5. Recurso conhecido e improvido.
ACÓRDÃO
DECISÃO: Acordam os componentes da Egrégia 4ª Câmara Especializada Cível, do Tribunal de Justiça do Estado do Piauí, Por unanimidade, conhecer e negar provimento ao recurso, nos termos do voto do Relator.
RELATÓRIO
Trata-se de APELAÇÃO CÍVEL, interposta por JESUS SOUSA DA SILVA, contra sentença proferida pelo d.
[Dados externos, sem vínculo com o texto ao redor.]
(* Fix $\omega_T>0$ and consider the multi-period mean-variance problem $$\max_{\text{admissible }u}\ \mathbb{E}(x_T)-\omega_T\mathrm{Var}(x_T)\quad\text{subject to } x_{t+1}=s_tx_t+P_t'u_t,\ t=0,\dots,T-1.$$ An optimal strategy is $$u_t^*=-s_tK_t\,x_t+K_t\Big[x_0\prod_{k=0}^{T-1}s_k+\frac{1}{2\omega_T\prod_{k=0}^{T-1}(1-B_k)}\Big]\prod_{k=t+1}^{T-1}s_k^{-1},\qquad t=0,\dots,T-1.$$ Under this strategy: $$\mathbb{E}(x_t)=x_0\prod_{k=0}^{t-1}s_k+\frac{1}{2\omega_T}\prod_{k=t}^{T-1}s_k^{-1}\cdot\frac{1-\prod_{k=0}^{t-1}(1-B_k)}{\prod_{k=0}^{T-1}(1-B_k)},\qquad t=0,\dots,T,$$ $$\mathrm{Var}(x_T)=\frac{1-\prod_{k=0}^{T-1}(1-B_k)}{4\omega_T^2\prod_{k=0}^{T-1}(1-B_k)}.$$
   Context: Market model. Fix integers $T\ge1$ and $n\ge1$. For $t=0,\dots,T-1$ the following are given: - a deterministic riskless gross return $s_t>1$; - a random excess-return vector $P_t\in\mathbb{R}^n$. The vectors $P_0,\dots,P_{T-1}$ are independent and square integrable. Write $M_t=\mathbb{E}(P_tP_t')$ and $m_t=\mathbb{E}(P_t)$, and assume $M_t$ is positive definite. Set $$B_t=m_t'M_t^{-1}m_t,\qquad K_t=M_t^{-1}m_t,$$ and assume $0<B_t<1$ for all $t$. Wealth and strategies. The initial wealth $x_0\in\mathbb{R}$ is deterministic, and $x_{t+1}=s_tx_t+P_t'u_t$. A strategy $(u_0,\dots,u_{T-1})$ is admissible if each $u_t\in\mathbb{R}^n$ is square integrable and $\sigma(P_0,\dots,P_{t-1})$-measurable. Conventions: an empty product equals $1$. *)

theory Defs
  imports "HOL-Probability.Probability"
begin

definition mom2 :: "'a measure \<Rightarrow> ('a \<Rightarrow> real^'n) \<Rightarrow> real^'n^'n" where
  "mom2 M X = (\<chi> i j. integral\<^sup>L M (\<lambda>w. X w $ i * X w $ j))"

definition mom1 :: "'a measure \<Rightarrow> ('a \<Rightarrow> real^'n) \<Rightarrow> real^'n" where
  "mom1 M X = (\<chi> i. integral\<^sup>L M (\<lambda>w. X w $ i))"

definition Kvec :: "'a measure \<Rightarrow> ('a \<Rightarrow> real^'n) \<Rightarrow> real^'n" where
  "Kvec M X = matrix_inv (mom2 M X) *v mom1 M X"

definition Bval :: "'a measure \<Rightarrow> ('a \<Rightarrow> real^'n) \<Rightarrow> real" where
  "Bval M X = mom1 M X \<bullet> Kvec M X"

fun wealth :: "(nat \<Rightarrow> real) \<Rightarrow> (nat \<Rightarrow> 'a \<Rightarrow> real^'n) \<Rightarrow> (nat \<Rightarrow> 'a \<Rightarrow> real^'n)
    \<Rightarrow> real \<Rightarrow> nat \<Rightarrow> 'a \<Rightarrow> real" where
  "wealth s P u x0 0 w = x0"
| "wealth s P u x0 (Suc t) w = s t * wealth s P u x0 t w + P t w \<bullet> u t w"

fun fb_wealth :: "(nat \<Rightarrow> real) \<Rightarrow> (nat \<Rightarrow> 'a \<Rightarrow> real^'n) \<Rightarrow> (nat \<Rightarrow> real \<Rightarrow> real^'n)
    \<Rightarrow> real \<Rightarrow> nat \<Rightarrow> 'a \<Rightarrow> real" where
  "fb_wealth s P g x0 0 w = x0"
| "fb_wealth s P g x0 (Suc t) w = s t * fb_wealth s P g x0 t w + P t w \<bullet> g t (fb_wealth s P g x0 t w)"

definition past_sigma :: "'a measure \<Rightarrow> (nat \<Rightarrow> 'a \<Rightarrow> real^'n) \<Rightarrow> nat \<Rightarrow> 'a measure" where
  "past_sigma M P t = sigma (space M) {P i -` A \<inter> space M | i A. i < t \<and> A \<in> sets borel}"

definition admissible :: "'a measure \<Rightarrow> (nat \<Rightarrow> 'a \<Rightarrow> real^'n) \<Rightarrow> nat \<Rightarrow> (nat \<Rightarrow> 'a \<Rightarrow> real^'n) \<Rightarrow> bool" where
  "admissible M P T u \<longleftrightarrow>
     (\<forall>t<T. u t \<in> borel_measurable (past_sigma M P t) \<and> integrable M (\<lambda>w. (norm (u t w))\<^sup>2))"

definition mv_feedback :: "'a measure \<Rightarrow> (nat \<Rightarrow> 'a \<Rightarrow> real^'n) \<Rightarrow> (nat \<Rightarrow> real) \<Rightarrow> nat
    \<Rightarrow> real \<Rightarrow> real \<Rightarrow> nat \<Rightarrow> real \<Rightarrow> real^'n" where
  "mv_feedback M P s T x0 wT t x =
     (- s t * x) *\<^sub>R Kvec M (P t)
     + ((x0 * (\<Prod>k<T. s k) + 1 / (2 * wT * (\<Prod>k<T. 1 - Bval M (P k))))
          * (\<Prod>k\<in>{t+1..<T}. inverse (s k))) *\<^sub>R Kvec M (P t)"

end

theory Submission
  imports Defs
begin

text \<open>Embedding argument. Fix a terminal target \<open>\<gamma>\<close> and let \<open>\<gamma>\<^sub>t\<close> be \<open>\<gamma>\<close> discounted
  back to time \<open>t\<close> at the riskless rate. Since \<open>P\<^sub>t\<close> is independent of the past, one period
  turns \<open>E (x\<^sub>t - \<gamma>\<^sub>t)\<^sup>2\<close> into the expectation of a quadratic form in \<open>(x\<^sub>t - \<gamma>\<^sub>t, u\<^sub>t)\<close>
  with matrix built from \<open>M\<^sub>t\<close> and \<open>m\<^sub>t\<close>; completing the square with \<open>K\<^sub>t = M\<^sub>t\<^sup>-\<^sup>1 m\<^sub>t\<close> shows
  that it is at least \<open>s\<^sub>t\<^sup>2 (1 - B\<^sub>t) E (x\<^sub>t - \<gamma>\<^sub>t)\<^sup>2\<close>, with equality for the feedback
  \<open>u\<^sub>t = -s\<^sub>t (x\<^sub>t - \<gamma>\<^sub>t) K\<^sub>t\<close>. Hence every admissible strategy has
  \<open>E (x\<^sub>T - \<gamma>)\<^sup>2 \<ge> \<Prod>\<^sub>k s\<^sub>k\<^sup>2 (1 - B\<^sub>k) (x\<^sub>0 - \<gamma>\<^sub>0)\<^sup>2\<close>. Optimising over \<open>\<gamma>\<close> turns this family of
  bounds into an upper bound for \<open>E x\<^sub>T - \<omega>\<^sub>T Var x\<^sub>T\<close>, and the feedback tracking
  \<open>\<gamma> = x\<^sub>0 \<Prod>\<^sub>k s\<^sub>k + 1 / (2 \<omega>\<^sub>T \<Prod>\<^sub>k (1 - B\<^sub>k))\<close> attains it; its first two moments follow
  from the same one-period recursion.\<close>

lemma borel_measurable_vec_nth [measurable (raw)]:
  "f \<in> borel_measurable N \<Longrightarrow> (\<lambda>x. f x $ i :: real) \<in> borel_measurable N"
  using measurable_compose[OF _ borel_measurable_nth] by blast

lemma integrable_mult_of_square_integrable:
  fixes f g :: "'a \<Rightarrow> real"
  assumes "f \<in> borel_measurable M" "g \<in> borel_measurable M"
    and "integrable M (\<lambda>w. (f w)\<^sup>2)" "integrable M (\<lambda>w. (g w)\<^sup>2)"
  shows "integrable M (\<lambda>w. f w * g w)"
proof (rule Bochner_Integration.integrable_bound[of _ "\<lambda>w. (f w)\<^sup>2 + (g w)\<^sup>2"])
  show "integrable M (\<lambda>w. (f w)\<^sup>2 + (g w)\<^sup>2)" using assms by simp
  show "(\<lambda>w. f w * g w) \<in> borel_measurable M" using assms by measurable
  have "\<bar>a * b\<bar> \<le> a\<^sup>2 + b\<^sup>2" for a b :: real
  proof -
    have "2 * \<bar>a\<bar> * \<bar>b\<bar> \<le> a\<^sup>2 + b\<^sup>2" using sum_squares_bound[of "\<bar>a\<bar>" "\<bar>b\<bar>"] by simp
    then show ?thesis
      using mult_nonneg_nonneg[OF abs_ge_zero abs_ge_zero, of a b] unfolding abs_mult by linarith
  qed
  then show "AE w in M. norm (f w * g w) \<le> norm ((f w)\<^sup>2 + (g w)\<^sup>2)"
    by (intro AE_I2) simp
qed

lemma square_integrable_vec_nth:
  fixes U :: "'a \<Rightarrow> real^'n"
  assumes "U \<in> borel_measurable M" "integrable M (\<lambda>w. (norm (U w))\<^sup>2)"
  shows "integrable M (\<lambda>w. (U w $ i)\<^sup>2)"
proof (rule Bochner_Integration.integrable_bound[OF assms(2)])
  show "(\<lambda>w. (U w $ i)\<^sup>2) \<in> borel_measurable M" using assms(1) by measurable
  show "AE w in M. norm ((U w $ i)\<^sup>2) \<le> norm ((norm (U w))\<^sup>2)"
    by (intro AE_I2) (simp, metis abs_ge_zero power2_abs power_mono component_le_norm_cart)
qed

lemma inner_matrix_vector_symmetric:
  fixes A :: "real^'n^'n"
  assumes "transpose A = A"
  shows "x \<bullet> (A *v y) = y \<bullet> (A *v x)"
  by (metis assms dot_lmul_matrix inner_commute transpose_matrix_vector)

lemma transpose_mom2: "transpose (mom2 M X) = mom2 M X"
  by (simp add: transpose_def mom2_def mult.commute)

lemma matrix_inv_right_if_pos_def:
  fixes A :: "real^'n^'n"
  assumes "\<And>x. x \<noteq> 0 \<Longrightarrow> x \<bullet> (A *v x) > 0"
  shows "A ** matrix_inv A = mat 1"
proof -
  have "\<forall>x. A *v x = 0 \<longrightarrow> x = 0" using assms by force
  then obtain B where "B ** A = mat 1" using matrix_left_invertible_ker by blast
  then have "A ** B = mat 1 \<and> B ** A = mat 1" using matrix_left_right_inverse by blast
  then have "A ** matrix_inv A = mat 1 \<and> matrix_inv A ** A = mat 1"
    unfolding matrix_inv_def by (rule someI)
  then show ?thesis ..
qed

lemma quadratic_form_complete_square:
  fixes A :: "real^'n^'n"
  assumes "transpose A = A" and "A *v k = m"
  shows "(v + a *\<^sub>R k) \<bullet> (A *v (v + a *\<^sub>R k))
           = v \<bullet> (A *v v) + 2 * a * (v \<bullet> m) + a\<^sup>2 * (m \<bullet> k)"
  using inner_matrix_vector_symmetric[OF assms(1), of k v] assms(2)
  by (simp add: matrix_vector_right_distrib matrix_vector_mult_scaleR inner_add_left
      inner_add_right inner_commute power2_eq_square algebra_simps)
text \<open>Lift against the fibration from Y to the terminal object.\<close>
lemma acyclic_cof_extension:
  assumes d: "acyclic_cof C cof fib d" and Y: "fibrant C fib Y" and f: "f \<in> hom C (src C d) Y"
  obtains h where "h \<in> hom C (tgt C d) Y" "cmp C h d = f"
proof -
  obtain T t where T: "is_initial (op C) T" "idm C T \<in> fib" and t: "t \<in> hom C Y T" "t \<in> fib"
    using Y unfolding fibrant_def cofibrant_def by auto
  have "fibrant C fib T"
    using cat.initial_cofibrant[OF cat_op T(1), of fib] T(2) by simp
  with Y t d have lift: "llp C d t"
    unfolding acyclic_cof_def by (auto simp: hom_def)
  have d_hom: "d \<in> hom C (src C d) (tgt C d)"
    using d cofibration_class_arr[OF cofibration_class] unfolding acyclic_cof_def hom_def by auto
  then have "tgt C d \<in> obj C"
    by (simp add: hom_def)
  then obtain v where v: "v \<in> hom C (tgt C d) T"
    using T(1) unfolding is_initial_def by auto
  have "cmp C t f = cmp C v d"
    using cat.initial_unique[OF cat_op T(1)] comp_in_hom[OF f t(1)] comp_in_hom[OF d_hom v]
    by simp
  moreover have "f \<in> hom C (src C d) (src C t)" "v \<in> hom C (tgt C d) (tgt C t)"
    using f v t(1) by (auto simp: hom_def)
  ultimately obtain h where "h \<in> hom C (tgt C d) (src C t)" "cmp C h d = f"
    using lift unfolding llp_def by blast
  with t(1) show thesis
    using that by (simp add: hom_def)
qed

lemma weak_cylinderD:
  assumes "weak_cylinder C cof fib X c"
  shows "is_coproduct C X (tgt C (cin1 c)) (cin1 c) (cin2 c)"
    and "cincl c \<in> cof"
    and "cincl c \<in> hom C (tgt C (cin1 c)) (tgt C (cincl c))"
    and "cyl_inc1 C c \<in> hom C X (tgt C (cincl c))"
    and "cyl_inc2 C c \<in> hom C X (tgt C (cincl c))"
    and "acyclic_cof C cof fib (cyl_inc1 C c)"
proof -
  show cp: "is_coproduct C X (tgt C (cin1 c)) (cin1 c) (cin2 c)" and "cincl c \<in> cof"
    and "acyclic_cof C cof fib (cyl_inc1 C c)"
    using assms unfolding weak_cylinder_def cyl_inc1_def by blast+
  then show incl: "cincl c \<in> hom C (tgt C (cin1 c)) (tgt C (cincl c))"
    using assms cofibration_class_arr[OF cofibration_class]
    unfolding weak_cylinder_def hom_def by auto
  show "cyl_inc1 C c \<in> hom C X (tgt C (cincl c))" "cyl_inc2 C c \<in> hom C X (tgt C (cincl c))"
    unfolding cyl_inc1_def cyl_inc2_def using coproduct_injections[OF cp] incl by blast+
qed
Juízo de Direito da 4ª Vara Cível da Comarca de Teresina, nos autos da AÇÃO ANULATÓRIA DE DÉBITO C/C INDENIZAÇÃO POR DANOS MORAIS C/C PEDIDO DE LIMINAR (proc. n° 0820940-45.2020.8.18.0140), ajuizada em face de EQUATORIAL PIAUÍ DISTRIBUIDORA DE ENERGIA S.A., ora apelada.
Na sentença (Num. 12001426), o d. Juízo de 1º grau julgou procedente em parte a demanda, nos seguintes termos:
"Isso posto, julgo procedente em parte o pedido inicial, para determinar que a ré se abstenha de suspender o serviço de energia elétrica da autora dado o débito cobrado em 11.09.2020, que implica o valor total de R$ 8.952,23 (oito mil, novecentos e cinquenta e dois reais e vinte e três centavos) (art. 487, I, do CPC).
Julgo improcedentes os pedidos de declaração de nulidade do débito, bem como de reparação por danos morais."
Nas suas razões recursais (Num. 12001428), JESUS SOUSA DA SILVA alega a prescrição quinquenal da dívida e o dano moral por falha na prestação do serviço. Ao fim, requer o conhecimento e provimento da Apelação.
Nas contrarrazões (Num. 12001437), a apelada sustenta o acerto da sentença vergastada, aduz que as alegações da apelação são infundadas. Requer a manutenção da sentença e improvimento do recurso.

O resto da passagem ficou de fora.